A number of new building projects in Israeli towns across Judea and Samaria will be approved later this month, Prime Minister Binyamin Netanyahu told Education Minister Naftali Bennett (Jewish Home), including a replacement neighborhood for the evicted former residents of the town of Migron.
Netanyahu made the assurance at the weekly meeting of coalition leaders on Sunday, after Bennett pressed the Prime Minister to set a deadline for the issuing of permits for proposed building projects.
In response to the Education Minister’s request, Netanyahu pledged that the housing projects, including a new neighborhood for families evicted for the town of Migron, north of Jerusalem, would be approved by the government “in September”.
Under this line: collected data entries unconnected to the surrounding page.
lemma disp_poly_eq_perturbed_cubic:
  assumes "Pr \<noteq> 0" and ck: "ck\<^sup>2 = of_real (c\<^sup>2 - k\<^sup>2 * a1\<^sup>2)"
  defines "K \<equiv> complex_of_real k * of_real a1"
  shows "disp_poly k a1 c \<gamma> Pr X = (X - (- \<i> * K - ck)) * (X - 0) * (X - (- \<i> * K + ck))
           + of_real (1 / Pr) * thermal_correction K (of_real c) (of_real \<gamma>) X"
proof -
  have "ck\<^sup>2 = (of_real c)\<^sup>2 - K\<^sup>2" using ck by (simp add: K_def power_mult_distrib)
  moreover have "\<i>\<^sup>2 = -1" by simp
  ultimately have "(X - (- \<i> * K - ck)) * (X - 0) * (X - (- \<i> * K + ck)) = X ^ 3 + 2 * \<i> * K * X\<^sup>2 - (of_real c)\<^sup>2 * X"
    by algebra
  moreover have "disp_poly k a1 c \<gamma> Pr X = X ^ 3 + 2 * \<i> * K * X\<^sup>2 - (of_real c)\<^sup>2 * X
      + of_real (1 / Pr) * thermal_correction K (of_real c) (of_real \<gamma>) X"
    using \<open>Pr \<noteq> 0\<close> by (simp add: disp_poly_def thermal_correction_def K_def field_simps)
  ultimately show ?thesis by simp
qed

lemma acoustic_roots_nonzero:
  fixes K C ck :: complex
  assumes "ck\<^sup>2 = C\<^sup>2 - K\<^sup>2" and "C \<noteq> 0"
  shows "ck + \<i> * K \<noteq> 0" and "ck - \<i> * K \<noteq> 0"
proof -
  have "\<i>\<^sup>2 = -1" by simp
  with assms(1) have "(ck + \<i> * K) * (ck - \<i> * K) = C\<^sup>2" by algebra
  with \<open>C \<noteq> 0\<close> show "ck + \<i> * K \<noteq> 0" "ck - \<i> * K \<noteq> 0" by auto
qed

lemma acoustic_root_slopes:
  fixes K C G ck :: complex
  assumes ck: "ck\<^sup>2 = C\<^sup>2 - K\<^sup>2" and "ck \<noteq> 0" "C \<noteq> 0"
  shows "- thermal_correction K C G (- \<i> * K - ck) / ((- \<i> * K - ck - 0) * (- \<i> * K - ck - (- \<i> * K + ck)))
           = - (3 * (G - 1) * K * (K + \<i> * ck) / (4 * ck))"
    and "- thermal_correction K C G 0 / ((0 - (- \<i> * K - ck)) * (0 - (- \<i> * K + ck))) = - \<i> * 3 * K / 2"
    and "- thermal_correction K C G (- \<i> * K + ck) / ((- \<i> * K + ck - (- \<i> * K - ck)) * (- \<i> * K + ck - 0))
           = 3 * (G - 1) * K * (K - \<i> * ck) / (4 * ck)"
proof -
  have i2: "\<i>\<^sup>2 = -1" by simp
  have C2: "C\<^sup>2 = (ck + \<i> * K) * (ck - \<i> * K)" using ck i2 by algebra
  note nz = acoustic_roots_nonzero[OF ck \<open>C \<noteq> 0\<close>]
  have num: "thermal_correction K C G (- \<i> * K - ck) = 3 * \<i> * K * (G - 1) / 2 * C\<^sup>2"
    "thermal_correction K C G (- \<i> * K + ck) = 3 * \<i> * K * (G - 1) / 2 * C\<^sup>2"
    unfolding thermal_correction_def using ck i2 by algebra+
  have den: "(- \<i> * K - ck - 0) * (- \<i> * K - ck - (- \<i> * K + ck)) = 2 * ck * (ck + \<i> * K)"
    "(- \<i> * K + ck - (- \<i> * K - ck)) * (- \<i> * K + ck - 0) = 2 * ck * (ck - \<i> * K)"
    "(0 - (- \<i> * K - ck)) * (0 - (- \<i> * K + ck)) = - C\<^sup>2"
    using ck i2 by algebra+
  show "- thermal_correction K C G (- \<i> * K - ck) / ((- \<i> * K - ck - 0) * (- \<i> * K - ck - (- \<i> * K + ck)))
       = - (3 * (G - 1) * K * (K + \<i> * ck) / (4 * ck))"
    unfolding num den C2 minus_divide_left using nz \<open>ck \<noteq> 0\<close>
    by (subst frac_eq_eq) (simp_all, use i2 in algebra)
  show "- thermal_correction K C G 0 / ((0 - (- \<i> * K - ck)) * (0 - (- \<i> * K + ck))) = - \<i> * 3 * K / 2"
    unfolding den using \<open>C \<noteq> 0\<close> by (simp add: thermal_correction_def field_simps)
  show "- thermal_correction K C G (- \<i> * K + ck) / ((- \<i> * K + ck - (- \<i> * K - ck)) * (- \<i> * K + ck - 0))
       = 3 * (G - 1) * K * (K - \<i> * ck) / (4 * ck)"
    unfolding num den C2 minus_divide_left using nz \<open>ck \<noteq> 0\<close>
    by (subst frac_eq_eq) (simp_all, use i2 in algebra)
qed

lemma disp_poly_root_branches:
  fixes k a1 c \<gamma> :: real and ck :: complex
  assumes "c > 0" and "c ^ 2 \<noteq> k ^ 2 * a1 ^ 2" and ck: "ck ^ 2 = of_real (c ^ 2 - k ^ 2 * a1 ^ 2)"
  defines "K \<equiv> complex_of_real k * of_real a1" and "G \<equiv> complex_of_real \<gamma>"
  shows "\<exists>\<delta>>0. \<exists>rm r0 rp.
     rm holomorphic_on ball 0 \<delta> \<and> r0 holomorphic_on ball 0 \<delta> \<and> rp holomorphic_on ball 0 \<delta> \<and>
     rm 0 = - \<i> * K - ck \<and> r0 0 = 0 \<and> rp 0 = - \<i> * K + ck \<and>
     deriv rm 0 = - (3 * (G - 1) * K * (K + \<i> * ck) / (4 * ck)) \<and> deriv r0 0 = - \<i> * 3 * K / 2 \<and>
     deriv rp 0 = 3 * (G - 1) * K * (K - \<i> * ck) / (4 * ck) \<and>
     (\<forall>Pr > 1 / \<delta>. \<forall>X. disp_poly k a1 c \<gamma> Pr X
        = (X - rm (of_real (1 / Pr))) * (X - r0 (of_real (1 / Pr))) * (X - rp (of_real (1 / Pr))))"
proof -
  define C where "C = complex_of_real c"
  have ck2: "ck\<^sup>2 = C\<^sup>2 - K\<^sup>2" using ck by (simp add: K_def C_def power_mult_distrib)
  have "complex_of_real (c ^ 2 - k ^ 2 * a1 ^ 2) \<noteq> 0" using assms(2) by (simp only: of_real_eq_0_iff)
  with ck have "ck \<noteq> 0" by auto
  have "C \<noteq> 0" using \<open>c > 0\<close> by (simp add: C_def)
  note nz = acoustic_roots_nonzero[OF ck2 this]
  have "- \<i> * K - ck \<noteq> 0" "- \<i> * K + ck \<noteq> 0" "- \<i> * K - ck \<noteq> - \<i> * K + ck"
    using nz \<open>ck \<noteq> 0\<close> by (auto simp: algebra_simps)
  moreover have "thermal_correction K C G X = 3 * G * \<i> * K / 2 * X\<^sup>2 + (- 3 * G * K\<^sup>2) * X + (- 3 * \<i> * K * C\<^sup>2 / 2)"
    for X by (simp add: thermal_correction_def)
  ultimately obtain \<delta> rm r0 rp where "\<delta> > 0"
    and branches: "rm holomorphic_on ball 0 \<delta>" "r0 holomorphic_on ball 0 \<delta>" "rp holomorphic_on ball 0 \<delta>"
      "rm 0 = - \<i> * K - ck" "r0 0 = 0" "rp 0 = - \<i> * K + ck"
      "deriv rm 0 = - (3 * (G - 1) * K * (K + \<i> * ck) / (4 * ck))"
      "deriv r0 0 = - \<i> * 3 * K / 2" "deriv rp 0 = 3 * (G - 1) * K * (K - \<i> * ck) / (4 * ck)"
    and factor: "\<forall>e\<in>ball 0 \<delta>. \<forall>X. (X - (- \<i> * K - ck)) * (X - 0) * (X - (- \<i> * K + ck))
        + e * thermal_correction K C G X = (X - rm e) * (X - r0 e) * (X - rp e)"
    using perturbed_cubic_root_branches[of "- \<i> * K - ck" 0 "- \<i> * K + ck" "thermal_correction K C G"]
    unfolding acoustic_root_slopes[OF ck2 \<open>ck \<noteq> 0\<close> \<open>C \<noteq> 0\<close>] by metis
  have "\<forall>Pr > 1 / \<delta>. \<forall>X. disp_poly k a1 c \<gamma> Pr X
      = (X - rm (of_real (1 / Pr))) * (X - r0 (of_real (1 / Pr))) * (X - rp (of_real (1 / Pr)))"
  proof (intro allI impI)
    fix Pr :: real and X :: complex assume "Pr > 1 / \<delta>"
    moreover have "1 / \<delta> > 0" using \<open>\<delta> > 0\<close> by simp
    ultimately have "Pr > 0" by linarith
    with \<open>Pr > 1 / \<delta>\<close> \<open>\<delta> > 0\<close> have "1 / Pr < \<delta>" by (simp add: field_simps mult.commute)
    with \<open>Pr > 0\<close> have "Pr \<noteq> 0" "of_real (1 / Pr) \<in> ball (0 :: complex) \<delta>" by (auto simp: norm_divide)
    then have "disp_poly k a1 c \<gamma> Pr X = (X - (- \<i> * K - ck)) * (X - 0) * (X - (- \<i> * K + ck))
        + of_real (1 / Pr) * thermal_correction K C G X"
      using disp_poly_eq_perturbed_cubic[OF _ ck] by (simp add: K_def C_def G_def)
    also have "\<dots> = (X - rm (of_real (1 / Pr))) * (X - r0 (of_real (1 / Pr))) * (X - rp (of_real (1 / Pr)))"
      using factor \<open>of_real (1 / Pr) \<in> ball 0 \<delta>\<close> by blast
    finally show "disp_poly k a1 c \<gamma> Pr X
        = (X - rm (of_real (1 / Pr))) * (X - r0 (of_real (1 / Pr))) * (X - rp (of_real (1 / Pr)))" .
  qed
  with \<open>\<delta> > 0\<close> branches show ?thesis by blast
qed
Earlier on Sunday, former Migron residents and their supporters protested outside of the Prime Minister’s Office in Jerusalem, demanding the government follow through on Netanyahu’s promise to build replacement homes for the displaced families.
"Netanyahu evicted us five years ago, promising that within two years he would build us a permanent community,” said former Migron resident Naama Moskowitz. “We have been living for five years in caravans in inhumane conditions waiting for the Prime Minister to fulfill his promise."
Plans to build replacement homes for the former residents of Migron in the Givat Hayekev neighborhood have stalled after the Civil Administration’s higher planning committee deferred action on the planned project.